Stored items
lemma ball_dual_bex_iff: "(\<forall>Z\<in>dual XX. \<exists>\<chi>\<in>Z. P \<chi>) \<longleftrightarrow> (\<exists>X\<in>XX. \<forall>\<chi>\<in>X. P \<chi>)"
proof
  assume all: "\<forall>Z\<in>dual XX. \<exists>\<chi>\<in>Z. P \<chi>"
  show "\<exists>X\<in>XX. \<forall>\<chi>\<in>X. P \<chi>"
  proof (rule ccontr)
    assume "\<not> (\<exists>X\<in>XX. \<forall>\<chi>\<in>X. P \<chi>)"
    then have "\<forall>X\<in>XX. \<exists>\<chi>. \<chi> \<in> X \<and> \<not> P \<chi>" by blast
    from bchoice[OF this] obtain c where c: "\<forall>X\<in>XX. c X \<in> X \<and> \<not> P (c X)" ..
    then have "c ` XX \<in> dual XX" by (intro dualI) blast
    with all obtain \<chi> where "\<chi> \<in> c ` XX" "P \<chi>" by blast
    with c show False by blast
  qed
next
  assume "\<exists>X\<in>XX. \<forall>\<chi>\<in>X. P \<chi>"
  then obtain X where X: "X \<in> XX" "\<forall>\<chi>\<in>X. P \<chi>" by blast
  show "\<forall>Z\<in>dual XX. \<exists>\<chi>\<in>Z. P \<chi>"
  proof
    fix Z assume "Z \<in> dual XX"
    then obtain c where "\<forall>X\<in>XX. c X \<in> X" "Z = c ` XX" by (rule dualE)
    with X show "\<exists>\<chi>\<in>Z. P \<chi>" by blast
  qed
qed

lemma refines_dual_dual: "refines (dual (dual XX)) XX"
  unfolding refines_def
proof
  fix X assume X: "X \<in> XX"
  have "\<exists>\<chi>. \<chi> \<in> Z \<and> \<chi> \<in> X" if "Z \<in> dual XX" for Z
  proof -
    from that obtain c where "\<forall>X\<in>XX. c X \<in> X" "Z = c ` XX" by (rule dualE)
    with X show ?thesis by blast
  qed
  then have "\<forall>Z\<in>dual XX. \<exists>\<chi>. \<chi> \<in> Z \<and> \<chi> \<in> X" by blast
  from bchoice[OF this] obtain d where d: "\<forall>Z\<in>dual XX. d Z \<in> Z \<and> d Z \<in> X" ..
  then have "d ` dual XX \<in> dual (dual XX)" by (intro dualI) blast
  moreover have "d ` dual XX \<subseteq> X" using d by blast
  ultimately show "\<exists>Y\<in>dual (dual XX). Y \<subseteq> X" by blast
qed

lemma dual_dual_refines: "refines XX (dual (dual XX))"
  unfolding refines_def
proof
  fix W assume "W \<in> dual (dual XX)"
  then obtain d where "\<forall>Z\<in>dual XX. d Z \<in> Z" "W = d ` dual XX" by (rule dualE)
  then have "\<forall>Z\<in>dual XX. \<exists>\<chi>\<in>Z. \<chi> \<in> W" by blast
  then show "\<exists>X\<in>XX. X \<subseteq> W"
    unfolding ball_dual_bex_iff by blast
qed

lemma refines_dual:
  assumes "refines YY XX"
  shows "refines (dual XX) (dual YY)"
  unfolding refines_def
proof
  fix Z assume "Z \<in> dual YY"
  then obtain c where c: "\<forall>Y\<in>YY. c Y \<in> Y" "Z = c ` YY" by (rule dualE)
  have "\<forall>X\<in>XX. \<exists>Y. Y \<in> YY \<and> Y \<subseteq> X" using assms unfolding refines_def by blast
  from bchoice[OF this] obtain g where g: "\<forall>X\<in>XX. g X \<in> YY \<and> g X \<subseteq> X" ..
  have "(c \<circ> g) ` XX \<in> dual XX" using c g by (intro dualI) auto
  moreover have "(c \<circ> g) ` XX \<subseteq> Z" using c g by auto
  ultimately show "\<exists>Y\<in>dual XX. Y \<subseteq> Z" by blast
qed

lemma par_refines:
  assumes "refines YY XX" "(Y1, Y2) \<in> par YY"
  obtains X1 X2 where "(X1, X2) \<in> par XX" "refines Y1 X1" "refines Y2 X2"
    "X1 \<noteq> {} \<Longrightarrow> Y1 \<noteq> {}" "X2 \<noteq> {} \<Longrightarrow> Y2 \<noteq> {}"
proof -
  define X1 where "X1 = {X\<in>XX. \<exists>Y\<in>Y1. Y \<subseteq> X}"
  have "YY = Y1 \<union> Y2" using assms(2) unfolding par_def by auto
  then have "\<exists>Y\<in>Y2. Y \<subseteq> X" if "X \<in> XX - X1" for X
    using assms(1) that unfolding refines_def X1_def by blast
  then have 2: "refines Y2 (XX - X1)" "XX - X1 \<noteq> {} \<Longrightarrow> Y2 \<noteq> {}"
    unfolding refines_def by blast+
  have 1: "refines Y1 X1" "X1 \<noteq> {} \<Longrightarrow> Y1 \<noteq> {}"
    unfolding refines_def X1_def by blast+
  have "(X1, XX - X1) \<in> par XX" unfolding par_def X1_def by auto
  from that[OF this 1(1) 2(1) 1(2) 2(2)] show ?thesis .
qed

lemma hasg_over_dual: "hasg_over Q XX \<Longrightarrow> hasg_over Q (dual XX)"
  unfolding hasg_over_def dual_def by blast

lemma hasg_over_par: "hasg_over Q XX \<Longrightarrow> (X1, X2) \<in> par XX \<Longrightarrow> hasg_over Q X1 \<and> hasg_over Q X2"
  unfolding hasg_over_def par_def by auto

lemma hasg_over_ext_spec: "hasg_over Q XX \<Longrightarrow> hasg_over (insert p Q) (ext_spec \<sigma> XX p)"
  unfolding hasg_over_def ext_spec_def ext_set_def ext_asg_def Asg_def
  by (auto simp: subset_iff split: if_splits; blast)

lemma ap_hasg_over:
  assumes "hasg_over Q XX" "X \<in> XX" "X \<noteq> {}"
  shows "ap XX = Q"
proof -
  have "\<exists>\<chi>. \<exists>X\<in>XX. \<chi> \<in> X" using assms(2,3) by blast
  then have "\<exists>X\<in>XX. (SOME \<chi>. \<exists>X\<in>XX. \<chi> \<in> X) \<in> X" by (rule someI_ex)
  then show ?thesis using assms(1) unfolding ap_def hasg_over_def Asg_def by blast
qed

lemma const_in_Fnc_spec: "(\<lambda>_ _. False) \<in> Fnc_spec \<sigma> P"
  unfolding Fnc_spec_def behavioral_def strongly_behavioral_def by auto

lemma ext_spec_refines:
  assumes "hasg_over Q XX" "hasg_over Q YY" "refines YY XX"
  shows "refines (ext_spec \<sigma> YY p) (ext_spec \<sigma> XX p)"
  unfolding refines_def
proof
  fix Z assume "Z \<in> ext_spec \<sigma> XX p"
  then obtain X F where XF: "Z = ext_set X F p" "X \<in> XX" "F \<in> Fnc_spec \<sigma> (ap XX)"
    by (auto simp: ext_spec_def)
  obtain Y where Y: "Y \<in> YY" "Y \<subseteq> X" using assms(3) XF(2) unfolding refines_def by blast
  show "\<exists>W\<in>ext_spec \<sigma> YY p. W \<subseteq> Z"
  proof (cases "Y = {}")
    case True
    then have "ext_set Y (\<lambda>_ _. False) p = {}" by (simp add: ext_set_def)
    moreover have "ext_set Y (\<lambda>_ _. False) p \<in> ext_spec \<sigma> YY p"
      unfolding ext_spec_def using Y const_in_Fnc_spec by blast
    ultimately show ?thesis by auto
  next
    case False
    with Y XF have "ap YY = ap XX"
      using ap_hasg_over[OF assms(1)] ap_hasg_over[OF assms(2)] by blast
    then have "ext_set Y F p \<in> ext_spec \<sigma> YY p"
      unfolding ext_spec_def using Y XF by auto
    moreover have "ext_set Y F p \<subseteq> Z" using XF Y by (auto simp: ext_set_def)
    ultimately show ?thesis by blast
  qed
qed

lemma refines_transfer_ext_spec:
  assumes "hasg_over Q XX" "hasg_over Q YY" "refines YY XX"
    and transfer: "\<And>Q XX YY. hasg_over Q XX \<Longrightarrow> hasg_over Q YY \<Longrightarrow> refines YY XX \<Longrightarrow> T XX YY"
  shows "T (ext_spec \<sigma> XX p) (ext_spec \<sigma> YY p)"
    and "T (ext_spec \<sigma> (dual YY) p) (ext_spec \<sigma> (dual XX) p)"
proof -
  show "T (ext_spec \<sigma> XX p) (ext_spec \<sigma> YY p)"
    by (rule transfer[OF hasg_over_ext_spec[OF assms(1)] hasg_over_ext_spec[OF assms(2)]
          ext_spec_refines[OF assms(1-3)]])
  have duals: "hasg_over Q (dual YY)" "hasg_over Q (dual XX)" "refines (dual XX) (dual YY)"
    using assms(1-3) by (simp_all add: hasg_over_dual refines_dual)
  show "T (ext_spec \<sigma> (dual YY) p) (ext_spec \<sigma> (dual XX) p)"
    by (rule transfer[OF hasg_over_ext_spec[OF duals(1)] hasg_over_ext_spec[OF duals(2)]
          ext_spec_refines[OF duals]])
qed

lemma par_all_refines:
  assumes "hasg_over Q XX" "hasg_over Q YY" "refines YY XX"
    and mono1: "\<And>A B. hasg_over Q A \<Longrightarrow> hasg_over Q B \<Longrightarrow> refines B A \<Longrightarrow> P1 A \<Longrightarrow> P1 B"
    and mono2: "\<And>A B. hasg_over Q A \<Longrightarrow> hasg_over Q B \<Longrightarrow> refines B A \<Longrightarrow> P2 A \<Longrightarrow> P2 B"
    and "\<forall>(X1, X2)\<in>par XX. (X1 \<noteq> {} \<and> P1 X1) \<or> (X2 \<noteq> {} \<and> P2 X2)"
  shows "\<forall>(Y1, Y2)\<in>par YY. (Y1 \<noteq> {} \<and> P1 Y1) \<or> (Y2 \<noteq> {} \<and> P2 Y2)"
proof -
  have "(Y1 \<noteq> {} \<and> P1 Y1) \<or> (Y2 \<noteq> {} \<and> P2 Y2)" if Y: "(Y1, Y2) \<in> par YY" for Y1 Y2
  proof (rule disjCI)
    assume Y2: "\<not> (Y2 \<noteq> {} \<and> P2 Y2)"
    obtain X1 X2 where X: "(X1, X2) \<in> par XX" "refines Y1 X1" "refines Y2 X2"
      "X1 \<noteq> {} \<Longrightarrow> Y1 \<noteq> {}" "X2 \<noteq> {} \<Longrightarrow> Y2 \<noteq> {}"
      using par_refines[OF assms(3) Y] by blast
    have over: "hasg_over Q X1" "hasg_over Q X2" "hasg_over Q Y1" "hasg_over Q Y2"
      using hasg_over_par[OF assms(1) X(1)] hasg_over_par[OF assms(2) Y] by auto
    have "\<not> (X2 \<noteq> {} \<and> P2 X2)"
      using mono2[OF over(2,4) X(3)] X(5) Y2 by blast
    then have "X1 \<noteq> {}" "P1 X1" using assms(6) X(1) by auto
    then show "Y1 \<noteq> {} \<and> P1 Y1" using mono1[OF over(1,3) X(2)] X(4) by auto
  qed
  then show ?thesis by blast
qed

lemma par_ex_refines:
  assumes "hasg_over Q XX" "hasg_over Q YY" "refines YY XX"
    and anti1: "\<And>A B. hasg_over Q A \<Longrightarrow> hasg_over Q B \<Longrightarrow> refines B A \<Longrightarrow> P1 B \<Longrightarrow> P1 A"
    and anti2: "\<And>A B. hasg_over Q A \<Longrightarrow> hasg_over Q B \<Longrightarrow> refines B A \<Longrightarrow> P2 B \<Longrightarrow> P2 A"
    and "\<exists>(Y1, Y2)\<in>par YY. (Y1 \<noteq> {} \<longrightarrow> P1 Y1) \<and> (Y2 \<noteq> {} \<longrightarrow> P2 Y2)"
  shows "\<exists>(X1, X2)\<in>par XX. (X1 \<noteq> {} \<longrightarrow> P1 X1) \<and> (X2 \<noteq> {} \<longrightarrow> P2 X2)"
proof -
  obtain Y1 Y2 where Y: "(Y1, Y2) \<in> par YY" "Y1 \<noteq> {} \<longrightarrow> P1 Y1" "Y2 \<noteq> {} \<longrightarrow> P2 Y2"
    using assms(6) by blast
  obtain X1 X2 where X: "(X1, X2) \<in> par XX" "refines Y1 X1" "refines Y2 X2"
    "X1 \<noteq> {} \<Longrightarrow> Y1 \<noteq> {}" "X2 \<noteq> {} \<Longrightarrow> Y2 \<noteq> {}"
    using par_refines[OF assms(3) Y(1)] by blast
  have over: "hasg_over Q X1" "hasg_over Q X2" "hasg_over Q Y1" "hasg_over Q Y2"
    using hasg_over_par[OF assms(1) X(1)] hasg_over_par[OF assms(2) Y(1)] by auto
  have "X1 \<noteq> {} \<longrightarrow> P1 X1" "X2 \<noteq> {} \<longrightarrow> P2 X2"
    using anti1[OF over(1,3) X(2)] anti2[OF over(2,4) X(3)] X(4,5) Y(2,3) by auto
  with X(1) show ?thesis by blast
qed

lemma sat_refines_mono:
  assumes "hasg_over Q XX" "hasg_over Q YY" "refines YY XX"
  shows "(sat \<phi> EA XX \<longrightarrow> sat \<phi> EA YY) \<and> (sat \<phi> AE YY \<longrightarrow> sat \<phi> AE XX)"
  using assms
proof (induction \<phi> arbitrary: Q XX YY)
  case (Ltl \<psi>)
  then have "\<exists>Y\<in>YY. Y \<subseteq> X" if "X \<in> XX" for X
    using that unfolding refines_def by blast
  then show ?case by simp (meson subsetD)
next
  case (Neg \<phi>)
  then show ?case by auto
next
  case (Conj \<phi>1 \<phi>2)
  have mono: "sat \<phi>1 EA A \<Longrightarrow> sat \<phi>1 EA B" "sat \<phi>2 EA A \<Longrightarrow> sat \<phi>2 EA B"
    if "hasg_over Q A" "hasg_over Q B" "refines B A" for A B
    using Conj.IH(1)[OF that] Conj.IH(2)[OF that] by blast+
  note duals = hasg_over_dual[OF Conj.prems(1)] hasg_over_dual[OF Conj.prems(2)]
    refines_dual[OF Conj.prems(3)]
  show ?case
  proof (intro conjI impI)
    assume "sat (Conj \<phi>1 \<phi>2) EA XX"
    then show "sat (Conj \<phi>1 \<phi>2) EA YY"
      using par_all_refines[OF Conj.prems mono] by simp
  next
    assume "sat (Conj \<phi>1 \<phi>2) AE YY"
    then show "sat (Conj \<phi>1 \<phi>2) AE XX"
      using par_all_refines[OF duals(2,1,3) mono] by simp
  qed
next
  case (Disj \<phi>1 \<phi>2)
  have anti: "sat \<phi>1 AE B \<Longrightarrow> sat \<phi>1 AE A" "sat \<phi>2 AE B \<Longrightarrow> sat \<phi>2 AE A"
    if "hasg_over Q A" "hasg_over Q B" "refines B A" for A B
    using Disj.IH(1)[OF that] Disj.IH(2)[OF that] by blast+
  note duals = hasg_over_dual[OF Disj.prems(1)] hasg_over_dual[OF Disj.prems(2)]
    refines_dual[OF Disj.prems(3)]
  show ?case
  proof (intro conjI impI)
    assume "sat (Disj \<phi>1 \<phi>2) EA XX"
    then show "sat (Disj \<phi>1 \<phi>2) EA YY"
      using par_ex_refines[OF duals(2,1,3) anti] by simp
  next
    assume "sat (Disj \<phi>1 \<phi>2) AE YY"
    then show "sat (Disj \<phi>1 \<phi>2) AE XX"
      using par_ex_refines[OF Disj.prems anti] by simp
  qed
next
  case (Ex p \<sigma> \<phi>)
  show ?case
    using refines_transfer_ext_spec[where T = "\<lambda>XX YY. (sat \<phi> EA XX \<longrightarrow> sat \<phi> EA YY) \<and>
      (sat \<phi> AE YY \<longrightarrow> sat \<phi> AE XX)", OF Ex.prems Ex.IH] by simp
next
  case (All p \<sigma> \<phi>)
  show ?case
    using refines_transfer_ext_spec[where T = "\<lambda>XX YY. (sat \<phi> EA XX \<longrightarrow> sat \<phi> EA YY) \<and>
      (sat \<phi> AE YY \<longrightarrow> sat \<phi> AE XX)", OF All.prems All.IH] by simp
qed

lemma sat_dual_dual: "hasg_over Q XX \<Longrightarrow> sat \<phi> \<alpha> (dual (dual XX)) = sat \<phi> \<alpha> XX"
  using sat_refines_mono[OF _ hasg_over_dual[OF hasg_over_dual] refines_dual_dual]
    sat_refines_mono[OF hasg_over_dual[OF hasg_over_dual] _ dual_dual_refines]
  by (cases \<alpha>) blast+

YOUR INSTRUCTIONS: From the records above, print exactly the lines that run from the line with "unfolding ball_dual_bex_iff by blast" to the line with "unfolding hasg_over_def par_def by auto", inclusive.

REPLY TO THE EXERCISE:
    unfolding ball_dual_bex_iff by blast
qed

lemma refines_dual:
  assumes "refines YY XX"
  shows "refines (dual XX) (dual YY)"
  unfolding refines_def
proof
  fix Z assume "Z \<in> dual YY"
  then obtain c where c: "\<forall>Y\<in>YY. c Y \<in> Y" "Z = c ` YY" by (rule dualE)
  have "\<forall>X\<in>XX. \<exists>Y. Y \<in> YY \<and> Y \<subseteq> X" using assms unfolding refines_def by blast
  from bchoice[OF this] obtain g where g: "\<forall>X\<in>XX. g X \<in> YY \<and> g X \<subseteq> X" ..
  have "(c \<circ> g) ` XX \<in> dual XX" using c g by (intro dualI) auto
  moreover have "(c \<circ> g) ` XX \<subseteq> Z" using c g by auto
  ultimately show "\<exists>Y\<in>dual XX. Y \<subseteq> Z" by blast
qed

lemma par_refines:
  assumes "refines YY XX" "(Y1, Y2) \<in> par YY"
  obtains X1 X2 where "(X1, X2) \<in> par XX" "refines Y1 X1" "refines Y2 X2"
    "X1 \<noteq> {} \<Longrightarrow> Y1 \<noteq> {}" "X2 \<noteq> {} \<Longrightarrow> Y2 \<noteq> {}"
proof -
  define X1 where "X1 = {X\<in>XX. \<exists>Y\<in>Y1. Y \<subseteq> X}"
  have "YY = Y1 \<union> Y2" using assms(2) unfolding par_def by auto
  then have "\<exists>Y\<in>Y2. Y \<subseteq> X" if "X \<in> XX - X1" for X
    using assms(1) that unfolding refines_def X1_def by blast
  then have 2: "refines Y2 (XX - X1)" "XX - X1 \<noteq> {} \<Longrightarrow> Y2 \<noteq> {}"
    unfolding refines_def by blast+
  have 1: "refines Y1 X1" "X1 \<noteq> {} \<Longrightarrow> Y1 \<noteq> {}"
    unfolding refines_def X1_def by blast+
  have "(X1, XX - X1) \<in> par XX" unfolding par_def X1_def by auto
  from that[OF this 1(1) 2(1) 1(2) 2(2)] show ?thesis .
qed

lemma hasg_over_dual: "hasg_over Q XX \<Longrightarrow> hasg_over Q (dual XX)"
  unfolding hasg_over_def dual_def by blast

lemma hasg_over_par: "hasg_over Q XX \<Longrightarrow> (X1, X2) \<in> par XX \<Longrightarrow> hasg_over Q X1 \<and> hasg_over Q X2"
  unfolding hasg_over_def par_def by auto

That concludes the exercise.